Picoflow Liquid Chromatography-Mass Spectrometry for Ultrasensitive Bottom-Up Proteomics Using 2-µm-i.d. Open Tubular Columns.

In many areas of application, key objectives of chemical separation and analysis are to minimize the sample quantity while maximizing the chemical information obtained. Increasing measurement sensitivity is especially critical for proteomics research, especially when processing trace samples and where multiple measurements are desired. A rich collection of technologies has been developed, but the resulting sensitivity remains insufficient for achieving in-depth coverage of proteomic samples as small as single cells. Here, we combine picoliter-scale liquid chromatography (picoLC) with mass spectrometry (MS) to address this issue. The picoLC employs a 2-µm-i.d. open tubular column to reduce the sample input needed to greatly increase the sensitivity achieved using electrospray ionization (ESI) with MS. With this picoLC-MS system, we show that we can identify ∼1000 proteins reliably using only 75 pg of tryptic peptides, representing a 10-100-fold sensitivity improvement compared with the state-of-the-art liquid chromatography (LC) or capillary electrophoresis (CE)-MS methods. PicoLC-MS extends the limit of separation science and is expected to be a powerful tool for single cell proteomics.
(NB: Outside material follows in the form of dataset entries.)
lemma nest_common_range_vector:
  assumes nest: "nest \<E>" and sf: "support_function \<E> \<Phi>" and T: "T \<in> Mset \<E> \<Phi>"
    and W: "finite W" "cv.span W = range T" and nonzero: "\<exists>x. T x \<noteq> 0"
  obtains y where "y \<in> range T" "y \<noteq> 0" "\<And>E x. E \<in> \<E> \<Longrightarrow> x \<in> E \<Longrightarrow> T x \<noteq> 0 \<Longrightarrow> y \<in> \<Phi> E"
proof -
  define S where "S = {E \<in> \<E>. \<exists>x\<in>E. T x \<noteq> 0}"
  have "UNIV \<in> \<E>"
    using nest by (simp add: nest_def)
  then have "UNIV \<in> S"
    using nonzero unfolding S_def by blast
  then obtain E1 where "E1 \<in> S"
    and minimal: "\<And>E. E \<in> S \<Longrightarrow> cv.dim (\<Phi> E1 \<inter> range T) \<le> cv.dim (\<Phi> E \<inter> range T)"
    using ex_has_least_nat[of "\<lambda>E. E \<in> S" UNIV "\<lambda>E. cv.dim (\<Phi> E \<inter> range T)"] by blast
  then obtain x0 where "E1 \<in> \<E>" "x0 \<in> E1" "T x0 \<noteq> 0"
    unfolding S_def by blast
  have "T x0 \<in> \<Phi> E1"
    using T \<open>E1 \<in> \<E>\<close> \<open>x0 \<in> E1\<close> unfolding Mset_def by blast
  have "T x0 \<in> \<Phi> E" if "E \<in> S" for E
  proof -
    have "E \<in> \<E>"
      using that unfolding S_def by blast
    consider "E1 \<subseteq> E" | "E \<subseteq> E1"
      using nest \<open>E \<in> \<E>\<close> \<open>E1 \<in> \<E>\<close> unfolding nest_def by blast
    then show ?thesis
    proof cases
      case 1
      then show ?thesis
        using sf \<open>E \<in> \<E>\<close> \<open>E1 \<in> \<E>\<close> \<open>T x0 \<in> \<Phi> E1\<close> unfolding support_function_def by blast
    next
      case 2
      have "\<Phi> E1 \<inter> range T \<subseteq> \<Phi> E \<inter> range T"
      proof (rule subset_subspace_of_dim_le[OF _ _ _ W(1) minimal[OF that]])
        have "\<Phi> E \<in> \<E>"
          using sf \<open>E \<in> \<E>\<close> unfolding support_function_def by blast
        then show "cv.subspace (\<Phi> E \<inter> range T)"
          using nest_subspace[OF nest] cv.subspace_span[of W] W(2) by (simp add: cv.subspace_inter)
        show "\<Phi> E \<inter> range T \<subseteq> \<Phi> E1 \<inter> range T"
          using sf 2 \<open>E \<in> \<E>\<close> \<open>E1 \<in> \<E>\<close> unfolding support_function_def by blast
        show "\<Phi> E1 \<inter> range T \<subseteq> cv.span W"
          using W(2) by blast
      qed
      then show ?thesis
        using \<open>T x0 \<in> \<Phi> E1\<close> by blast
    qed
  qed
  then show thesis
    using that[of "T x0"] \<open>T x0 \<noteq> 0\<close> unfolding S_def by blast
qed

lemma Mset_rank_Suc_split:
  assumes nest: "nest \<E>" and sf: "support_function \<E> \<Phi>"
    and T: "T \<in> Mset \<E> \<Phi>" and rank: "has_rank T (Suc m)"
  obtains R where "R \<in> Mset \<E> \<Phi>" "has_rank R 1"
    "(\<lambda>x. T x - R x) \<in> Mset \<E> \<Phi>" "has_rank (\<lambda>x. T x - R x) m"
proof -
  obtain W where W: "finite W" "cv.span W = range T"
    using rank unfolding has_rank_iff by blast
  obtain y where y: "y \<in> range T" "y \<noteq> 0"
    and y_in_support: "\<And>E x. E \<in> \<E> \<Longrightarrow> x \<in> E \<Longrightarrow> T x \<noteq> 0 \<Longrightarrow> y \<in> \<Phi> E"
    using nest_common_range_vector[OF nest sf T W has_rank_Suc_nonzero[OF rank]] by blast
  have "bounded_clinear_op T"
    using T unfolding Mset_def by blast
  then obtain c where c: "bounded_clinear_op (\<lambda>x. scaleC (c x) y)" "has_rank (\<lambda>x. scaleC (c x) y) 1"
    "has_rank (\<lambda>x. T x - scaleC (c x) y) m" "\<And>x. T x = 0 \<Longrightarrow> c x = 0"
    using has_rank_Suc_split_rank_one rank y by blast
  have "scaleC (c x) y \<in> \<Phi> E" if "E \<in> \<E>" "x \<in> E" for E x
  proof -
    have "cv.subspace (\<Phi> E)"
      using nest sf \<open>E \<in> \<E>\<close> nest_subspace unfolding support_function_def by blast
    then show ?thesis
      using y_in_support[OF that] c(4)[of x] cv.subspace_scale[of "\<Phi> E" y] cv.subspace_0
      by (cases "T x = 0") simp_all
  qed
  then have "(\<lambda>x. scaleC (c x) y) \<in> Mset \<E> \<Phi>"
    unfolding Mset_def using c(1) by blast
  then show thesis
    using that Mset_diff[OF nest sf T] c(2,3) by blast
qed

theorem mainTheorem7:
  fixes \<E> :: "'a::{complex_normed_space, banach} set set"
    and \<Phi> :: "'a set \<Rightarrow> 'a set"
    and T :: "'a \<Rightarrow> 'a"
    and n :: nat
  assumes "nest \<E>"
    and "support_function \<E> \<Phi>"
    and "T \<in> Mset \<E> \<Phi>"
    and "has_rank T n"
  shows "\<exists>R :: nat \<Rightarrow> 'a \<Rightarrow> 'a.
           (\<forall>i<n. R i \<in> Mset \<E> \<Phi> \<and> has_rank (R i) 1) \<and>
           T = (\<lambda>x. \<Sum>i<n. R i x)"
  using assms(3,4)
proof (induction n arbitrary: T)
  case 0
  then show ?case
    using has_rank_0_imp_zero by auto
next
  case (Suc m)
  obtain R0 where R0: "R0 \<in> Mset \<E> \<Phi>" "has_rank R0 1"
    "(\<lambda>x. T x - R0 x) \<in> Mset \<E> \<Phi>" "has_rank (\<lambda>x. T x - R0 x) m"
    using Mset_rank_Suc_split[OF assms(1,2) Suc.prems] by blast
  obtain R where R: "\<forall>i<m. R i \<in> Mset \<E> \<Phi> \<and> has_rank (R i) 1"
    "(\<lambda>x. T x - R0 x) = (\<lambda>x. \<Sum>i<m. R i x)"
    using Suc.IH[OF R0(3,4)] by blast
  have "\<forall>i<Suc m. (R(m := R0)) i \<in> Mset \<E> \<Phi> \<and> has_rank ((R(m := R0)) i) 1"
    using R(1) R0(1,2) less_Suc_eq by auto
  moreover have "T = (\<lambda>x. \<Sum>i<Suc m. (R(m := R0)) i x)"
    using R(2) by (auto simp: fun_eq_iff algebra_simps)
  ultimately show ?case
    by blast
qed

end
(* Let $d\ge1$, let $\mathbb{S}_d$ be the unit sphere of $\mathbb{C}^d$ and $\mathbb{T}$ the unit circle. The weak-$*$ exposed points of the closed unit ball of the dual space $\mathrm{A}(\mathbb{B}_d)^*$ of the ball algebra are exactly the functionals $\lambda\delta_\zeta$, $f\mapsto \lambda f(\zeta)$, for $\zeta\in\mathbb{S}_d$ and $\lambda\in\mathbb{T}$.
   Context: $\mathrm{A}(\mathbb{B}_d)$ is the Banach algebra (supremum norm) of functions analytic on the open unit ball $\mathbb{B}_d\subset\mathbb{C}^d$ and continuous on its closure. For a weak-$*$ closed convex set $C$ in a dual Banach space $E^*$, a point $x_0\in C$ is a weak-$*$ exposed point if there is a weak-$*$ continuous functional (i.e. an element $e\in E$) with $\operatorname{Re} x(e) < \operatorname{Re} x_0(e)$ for all $x\in C\setminus\{x_0\}$. *)

theory Defs
  imports "HOL-Analysis.Analysis"
begin

text \<open>Points of C^d are vectors of type complex^'n (with 'n a finite type,
  d = CARD('n) \<ge> 1).\<close>

definition holo_several :: "('n::finite) itself \<Rightarrow> (complex^'n \<Rightarrow> complex) \<Rightarrow> (complex^'n) set \<Rightarrow> bool" where
  "holo_several _ f S \<longleftrightarrow>
     (\<forall>z\<in>S. \<exists>L. (f has_derivative L) (at z) \<and> (\<forall>c w. L (c *s w) = c * L w))"

definition ball_algebra :: "(complex^('n::finite) \<Rightarrow> complex) set" where
  "ball_algebra = {f. continuous_on (cball 0 1) f \<and> holo_several TYPE('n) f (ball 0 1)}"

definition sup_norm :: "(complex^('n::finite) \<Rightarrow> complex) \<Rightarrow> real" where
  "sup_norm f = (SUP z\<in>cball 0 1. norm (f z))"

text \<open>Closed unit ball of the dual A(B_d)^*: bounded complex-linear functionals of
  norm \<le> 1, represented extensionally (value 0 outside A(B_d)).\<close>
definition dual_unit_ball :: "((complex^('n::finite) \<Rightarrow> complex) \<Rightarrow> complex) set" where
  "dual_unit_ball = {\<phi>.
     (\<forall>f\<in>ball_algebra. \<forall>g\<in>ball_algebra. \<phi> (\<lambda>z. f z + g z) = \<phi> f + \<phi> g) \<and>
     (\<forall>c. \<forall>f\<in>ball_algebra. \<phi> (\<lambda>z. c * f z) = c * \<phi> f) \<and>
     (\<forall>f\<in>ball_algebra. norm (\<phi> f) \<le> sup_norm f) \<and>
     (\<forall>f. f \<notin> ball_algebra \<longrightarrow> \<phi> f = 0)}"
Improved Single-Cell Proteome Coverage Using Narrow-Bore Packed NanoLC Columns and Ultrasensitive Mass Spectrometry.

Single-cell proteomics can provide unique insights into biological processes by resolving heterogeneity that is obscured by bulk measurements. Gains in the overall sensitivity and proteome coverage through improvements in sample processing and analysis increase the information content obtained from each cell, particularly for less abundant proteins. Here we report on improved single-cell proteome coverage through the combination of the previously developed nanoPOTS platform with further miniaturization of liquid chromatography (LC) separations and implementation of an ultrasensitive latest generation mass spectrometer. Following nanoPOTS sample preparation, protein digests from single cells were separated using a 20 µm i.d. in-house-packed nanoLC column. Separated peptides were ionized using an etched fused-silica emitter capable of stable operation at the ∼20 nL/min flow rate provided by the LC separation. Ultrasensitive LC-MS analysis was achieved using the Orbitrap Eclipse Tribrid mass spectrometer. An average of 362 protein groups were identified by tandem mass spectrometry (MS/MS) from single HeLa cells, and 874 protein groups were identified using the Match Between Runs feature of MaxQuant. This represents an >70% increase in label-free proteome coverage for single cells relative to previous efforts using larger bore (30 µm i.d.) LC columns coupled to a previous-generation Orbitrap Fusion Lumos mass spectrometer.